··· Data

(* Let $S>0$, $T>0$, $\sigma_{LN}>0$ and let $C:=\mathrm{BS}(S,S,T,\sigma_{LN})$ be the at-the-money ($K=S$) Black–Scholes call price with zero interest rate, where $\mathrm{BS}(S,K,T,\sigma)=S\,\mathcal N(d_+)-K\,\mathcal N(d_-)$, $d_\pm=\frac{\ln(S/K)\pm\sigma^2T/2}{\sigma\sqrt T}$, $\mathcal N$ the standard normal distribution function. Define $\eta_0:=1$ and, for $k\ge1$, $\eta_k:=\sum_{j=0}^{k-1}\frac{\eta_j\,\eta_{k-1-j}}{(j+1)(2j+1)}$. Then $$\sigma_{LN}=\sqrt{\frac{2\pi}{T}}\,\frac CS\sum_{k=0}^\infty\frac{\pi^k\eta_k}{4^k(2k+1)}\Big(\frac CS\Big)^{2k}.$$ *)

theory Defs
  imports "HOL-Probability.Probability"
begin

definition Phi :: "real \<Rightarrow> real" where
  "Phi x = cdf (density lborel std_normal_density) x"

definition d_plus :: "real \<Rightarrow> real \<Rightarrow> real \<Rightarrow> real \<Rightarrow> real" where
  "d_plus S K T \<sigma> = (ln (S / K) + \<sigma>\<^sup>2 * T / 2) / (\<sigma> * sqrt T)"

definition d_minus :: "real \<Rightarrow> real \<Rightarrow> real \<Rightarrow> real \<Rightarrow> real" where
  "d_minus S K T \<sigma> = (ln (S / K) - \<sigma>\<^sup>2 * T / 2) / (\<sigma> * sqrt T)"

definition BS :: "real \<Rightarrow> real \<Rightarrow> real \<Rightarrow> real \<Rightarrow> real" where
  "BS S K T \<sigma> = S * Phi (d_plus S K T \<sigma>) - K * Phi (d_minus S K T \<sigma>)"

function eta :: "nat \<Rightarrow> real" where
  "eta 0 = 1"
| "eta (Suc k) = (\<Sum>j<Suc k. eta j * eta (k - j) / (real (j + 1) * real (2 * j + 1)))"
  by pat_completeness auto
termination by (relation "Wellfounded.measure id") auto

end

theory Submission
  imports Defs
begin

(*
  Put y = \<sigma> sqrt T / 2, so that C / S = \<Phi>(y) - \<Phi>(-y) = Phi_sym y, and let c(t) = \<Sum> c\<^sub>k t\<^sup>k with
  c\<^sub>k = \<eta>\<^sub>k (\<pi>/4)\<^sup>k / (2k+1), and b(t) = c(t) + 2t c'(t) = \<Sum> (2k+1) c\<^sub>k t\<^sup>k.
  The recursion defining \<eta> is equivalent to the Riccati equation b' = (\<pi>/4) c b\<^sup>2 of formal
  power series, which makes b(t) exp(-(\<pi>/4) t c(t)\<^sup>2) constant; this is precisely the statement
  that x \<mapsto> Phi_sym (sqrt(\<pi>/2) x c(x\<^sup>2)) has derivative 1, so sqrt(\<pi>/2) z c(z\<^sup>2) inverts Phi_sym.
  Convergence at z = Phi_sym y comes from the same monotonicity argument applied to the
  truncations of c, which satisfy the Riccati equation only as an inequality: inverting Phi_sym
  then bounds their values at z\<^sup>2.
*)

lemma Phi_diff_eq_integral:
  assumes "v \<le> x"
  shows "Phi x - Phi v = (LBINT y=v..x. std_normal_density y)"
proof (cases "v = x")
  case False
  with assms have vx: "v < x" by simp
  interpret real_distribution "density lborel std_normal_density"
    by (rule real_dist_normal_dist)
  have "Phi x - Phi v = measure (density lborel std_normal_density) {v<..x}"
    unfolding Phi_def using cdf_diff_eq[OF vx] by simp
  also have "\<dots> = integral\<^sup>L lborel (\<lambda>y. std_normal_density y *\<^sub>R indicator {v<..x} y)"
    by (subst integral_density[symmetric]) (auto simp: normal_density_nonneg)
  also have "\<dots> = (LBINT y : {v<..x}. std_normal_density y)"
    by (simp add: set_lebesgue_integral_def mult.commute)
  also have "\<dots> = (LBINT y=v..x. std_normal_density y)"
    using vx by (simp add: interval_integral_Ioc)
  finally show ?thesis .
qed simp

lemma Phi_has_real_derivative: "(Phi has_real_derivative std_normal_density x) (at x)"
proof -
  have "continuous_on {x-1..x+1} std_normal_density"
    unfolding std_normal_density_def by (intro continuous_intros) auto
  then have "((\<lambda>u. LBINT y=x-1..u. std_normal_density y) has_vector_derivative std_normal_density x)
      (at x within {x-1..x+1})"
    by (intro interval_integral_FTC2) auto
  then have "((\<lambda>u. Phi (x-1) + (LBINT y=x-1..u. std_normal_density y)) has_vector_derivative
      std_normal_density x) (at x within {x-1..x+1})"
    by (auto intro!: derivative_eq_intros)
  then have "(Phi has_vector_derivative std_normal_density x) (at x within {x-1..x+1})"
    by (rule has_vector_derivative_transform[rotated 2]) (auto simp: Phi_diff_eq_integral[symmetric])
  then show ?thesis
    by (simp add: at_within_Icc_at has_real_derivative_iff_has_vector_derivative)
qed

(* Phi_sym y = P(|X| \<le> y) = erf (y / sqrt 2) for a standard normal X. *)
definition Phi_sym :: "real \<Rightarrow> real" where
  "Phi_sym y = Phi y - Phi (- y)"

lemma Phi_sym_0 [simp]: "Phi_sym 0 = 0"
  by (simp add: Phi_sym_def)

lemma Phi_sym_has_real_derivative:
  "(Phi_sym has_real_derivative sqrt (2 / pi) * exp (- (y\<^sup>2) / 2)) (at y)"
proof -
  have "(Phi_sym has_real_derivative std_normal_density y + std_normal_density (- y)) (at y)"
    unfolding Phi_sym_def
    by (auto intro!: derivative_eq_intros Phi_has_real_derivative[THEN DERIV_chain2])
  moreover have "std_normal_density y + std_normal_density (- y) = sqrt (2 / pi) * exp (- (y\<^sup>2) / 2)"
    by (simp add: std_normal_density_def real_sqrt_divide real_sqrt_mult field_simps)
  ultimately show ?thesis by simp
qed

lemma strict_mono_Phi_sym: "strict_mono Phi_sym"
proof (rule strict_monoI)
  fix x y :: real
  assume "x < y"
  then show "Phi_sym x < Phi_sym y"
    by (rule DERIV_pos_imp_increasing) (auto intro!: Phi_sym_has_real_derivative exI)
qed

lemma Phi_sym_pos: "0 < y \<Longrightarrow> 0 < Phi_sym y"
  using strict_mono_Phi_sym by (metis Phi_sym_0 strict_mono_less)

lemma eta_nonneg: "0 \<le> eta k"
proof (induction k rule: less_induct)
  case (less k)
  show ?case
  proof (cases k)
    case (Suc m)
    show ?thesis
      unfolding Suc eta.simps
      by (intro sum_nonneg divide_nonneg_nonneg mult_nonneg_nonneg) (auto intro: less simp: Suc)
  qed simp
qed

definition eta_fps :: "real \<Rightarrow> real fps" where
  "eta_fps q = Abs_fps (\<lambda>k. eta k * q ^ k)"

definition eta_odd_fps :: "real \<Rightarrow> real fps" where
  "eta_odd_fps q = Abs_fps (\<lambda>k. eta k * q ^ k / real (2 * k + 1))"

lemma eta_fps_nonneg: "0 \<le> q \<Longrightarrow> 0 \<le> fps_nth (eta_fps q) k"
  by (simp add: eta_fps_def eta_nonneg)

lemma eta_odd_fps_nonneg: "0 \<le> q \<Longrightarrow> 0 \<le> fps_nth (eta_odd_fps q) k"
  by (simp add: eta_odd_fps_def eta_nonneg)

lemma fps_nth_add_2X_deriv:
  fixes f :: "'a::comm_ring_1 fps"
  shows "fps_nth (f + 2 * fps_X * fps_deriv f) n = (2 * of_nat n + 1) * fps_nth f n"
  by (cases n) (simp_all add: numeral_fps_const algebra_simps)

······

In full and without change, transcribe every line of the records above.

▸ Written answer
(* Let $S>0$, $T>0$, $\sigma_{LN}>0$ and let $C:=\mathrm{BS}(S,S,T,\sigma_{LN})$ be the at-the-money ($K=S$) Black–Scholes call price with zero interest rate, where $\mathrm{BS}(S,K,T,\sigma)=S\,\mathcal N(d_+)-K\,\mathcal N(d_-)$, $d_\pm=\frac{\ln(S/K)\pm\sigma^2T/2}{\sigma\sqrt T}$, $\mathcal N$ the standard normal distribution function. Define $\eta_0:=1$ and, for $k\ge1$, $\eta_k:=\sum_{j=0}^{k-1}\frac{\eta_j\,\eta_{k-1-j}}{(j+1)(2j+1)}$. Then $$\sigma_{LN}=\sqrt{\frac{2\pi}{T}}\,\frac CS\sum_{k=0}^\infty\frac{\pi^k\eta_k}{4^k(2k+1)}\Big(\frac CS\Big)^{2k}.$$ *)

theory Defs
  imports "HOL-Probability.Probability"
begin

definition Phi :: "real \<Rightarrow> real" where
  "Phi x = cdf (density lborel std_normal_density) x"

definition d_plus :: "real \<Rightarrow> real \<Rightarrow> real \<Rightarrow> real \<Rightarrow> real" where
  "d_plus S K T \<sigma> = (ln (S / K) + \<sigma>\<^sup>2 * T / 2) / (\<sigma> * sqrt T)"

definition d_minus :: "real \<Rightarrow> real \<Rightarrow> real \<Rightarrow> real \<Rightarrow> real" where
  "d_minus S K T \<sigma> = (ln (S / K) - \<sigma>\<^sup>2 * T / 2) / (\<sigma> * sqrt T)"

definition BS :: "real \<Rightarrow> real \<Rightarrow> real \<Rightarrow> real \<Rightarrow> real" where
  "BS S K T \<sigma> = S * Phi (d_plus S K T \<sigma>) - K * Phi (d_minus S K T \<sigma>)"

function eta :: "nat \<Rightarrow> real" where
  "eta 0 = 1"
| "eta (Suc k) = (\<Sum>j<Suc k. eta j * eta (k - j) / (real (j + 1) * real (2 * j + 1)))"
  by pat_completeness auto
termination by (relation "Wellfounded.measure id") auto

end

theory Submission
  imports Defs
begin

(*
  Put y = \<sigma> sqrt T / 2, so that C / S = \<Phi>(y) - \<Phi>(-y) = Phi_sym y, and let c(t) = \<Sum> c\<^sub>k t\<^sup>k with
  c\<^sub>k = \<eta>\<^sub>k (\<pi>/4)\<^sup>k / (2k+1), and b(t) = c(t) + 2t c'(t) = \<Sum> (2k+1) c\<^sub>k t\<^sup>k.
  The recursion defining \<eta> is equivalent to the Riccati equation b' = (\<pi>/4) c b\<^sup>2 of formal
  power series, which makes b(t) exp(-(\<pi>/4) t c(t)\<^sup>2) constant; this is precisely the statement
  that x \<mapsto> Phi_sym (sqrt(\<pi>/2) x c(x\<^sup>2)) has derivative 1, so sqrt(\<pi>/2) z c(z\<^sup>2) inverts Phi_sym.
  Convergence at z = Phi_sym y comes from the same monotonicity argument applied to the
  truncations of c, which satisfy the Riccati equation only as an inequality: inverting Phi_sym
  then bounds their values at z\<^sup>2.
*)

lemma Phi_diff_eq_integral:
  assumes "v \<le> x"
  shows "Phi x - Phi v = (LBINT y=v..x. std_normal_density y)"
proof (cases "v = x")
  case False
  with assms have vx: "v < x" by simp
  interpret real_distribution "density lborel std_normal_density"
    by (rule real_dist_normal_dist)
  have "Phi x - Phi v = measure (density lborel std_normal_density) {v<..x}"
    unfolding Phi_def using cdf_diff_eq[OF vx] by simp
  also have "\<dots> = integral\<^sup>L lborel (\<lambda>y. std_normal_density y *\<^sub>R indicator {v<..x} y)"
    by (subst integral_density[symmetric]) (auto simp: normal_density_nonneg)
  also have "\<dots> = (LBINT y : {v<..x}. std_normal_density y)"
    by (simp add: set_lebesgue_integral_def mult.commute)
  also have "\<dots> = (LBINT y=v..x. std_normal_density y)"
    using vx by (simp add: interval_integral_Ioc)
  finally show ?thesis .
qed simp

lemma Phi_has_real_derivative: "(Phi has_real_derivative std_normal_density x) (at x)"
proof -
  have "continuous_on {x-1..x+1} std_normal_density"
    unfolding std_normal_density_def by (intro continuous_intros) auto
  then have "((\<lambda>u. LBINT y=x-1..u. std_normal_density y) has_vector_derivative std_normal_density x)
      (at x within {x-1..x+1})"
    by (intro interval_integral_FTC2) auto
  then have "((\<lambda>u. Phi (x-1) + (LBINT y=x-1..u. std_normal_density y)) has_vector_derivative
      std_normal_density x) (at x within {x-1..x+1})"
    by (auto intro!: derivative_eq_intros)
  then have "(Phi has_vector_derivative std_normal_density x) (at x within {x-1..x+1})"
    by (rule has_vector_derivative_transform[rotated 2]) (auto simp: Phi_diff_eq_integral[symmetric])
  then show ?thesis
    by (simp add: at_within_Icc_at has_real_derivative_iff_has_vector_derivative)
qed

(* Phi_sym y = P(|X| \<le> y) = erf (y / sqrt 2) for a standard normal X. *)
definition Phi_sym :: "real \<Rightarrow> real" where
  "Phi_sym y = Phi y - Phi (- y)"

lemma Phi_sym_0 [simp]: "Phi_sym 0 = 0"
  by (simp add: Phi_sym_def)

lemma Phi_sym_has_real_derivative:
  "(Phi_sym has_real_derivative sqrt (2 / pi) * exp (- (y\<^sup>2) / 2)) (at y)"
proof -
  have "(Phi_sym has_real_derivative std_normal_density y + std_normal_density (- y)) (at y)"
    unfolding Phi_sym_def
    by (auto intro!: derivative_eq_intros Phi_has_real_derivative[THEN DERIV_chain2])
  moreover have "std_normal_density y + std_normal_density (- y) = sqrt (2 / pi) * exp (- (y\<^sup>2) / 2)"
    by (simp add: std_normal_density_def real_sqrt_divide real_sqrt_mult field_simps)
  ultimately show ?thesis by simp
qed

lemma strict_mono_Phi_sym: "strict_mono Phi_sym"
proof (rule strict_monoI)
  fix x y :: real
  assume "x < y"
  then show "Phi_sym x < Phi_sym y"
    by (rule DERIV_pos_imp_increasing) (auto intro!: Phi_sym_has_real_derivative exI)
qed

lemma Phi_sym_pos: "0 < y \<Longrightarrow> 0 < Phi_sym y"
  using strict_mono_Phi_sym by (metis Phi_sym_0 strict_mono_less)

lemma eta_nonneg: "0 \<le> eta k"
proof (induction k rule: less_induct)
  case (less k)
  show ?case
  proof (cases k)
    case (Suc m)
    show ?thesis
      unfolding Suc eta.simps
      by (intro sum_nonneg divide_nonneg_nonneg mult_nonneg_nonneg) (auto intro: less simp: Suc)
  qed simp
qed

definition eta_fps :: "real \<Rightarrow> real fps" where
  "eta_fps q = Abs_fps (\<lambda>k. eta k * q ^ k)"

definition eta_odd_fps :: "real \<Rightarrow> real fps" where
  "eta_odd_fps q = Abs_fps (\<lambda>k. eta k * q ^ k / real (2 * k + 1))"

lemma eta_fps_nonneg: "0 \<le> q \<Longrightarrow> 0 \<le> fps_nth (eta_fps q) k"
  by (simp add: eta_fps_def eta_nonneg)

lemma eta_odd_fps_nonneg: "0 \<le> q \<Longrightarrow> 0 \<le> fps_nth (eta_odd_fps q) k"
  by (simp add: eta_odd_fps_def eta_nonneg)

lemma fps_nth_add_2X_deriv:
  fixes f :: "'a::comm_ring_1 fps"
  shows "fps_nth (f + 2 * fps_X * fps_deriv f) n = (2 * of_nat n + 1) * fps_nth f n"
  by (cases n) (simp_all add: numeral_fps_const algebra_simps)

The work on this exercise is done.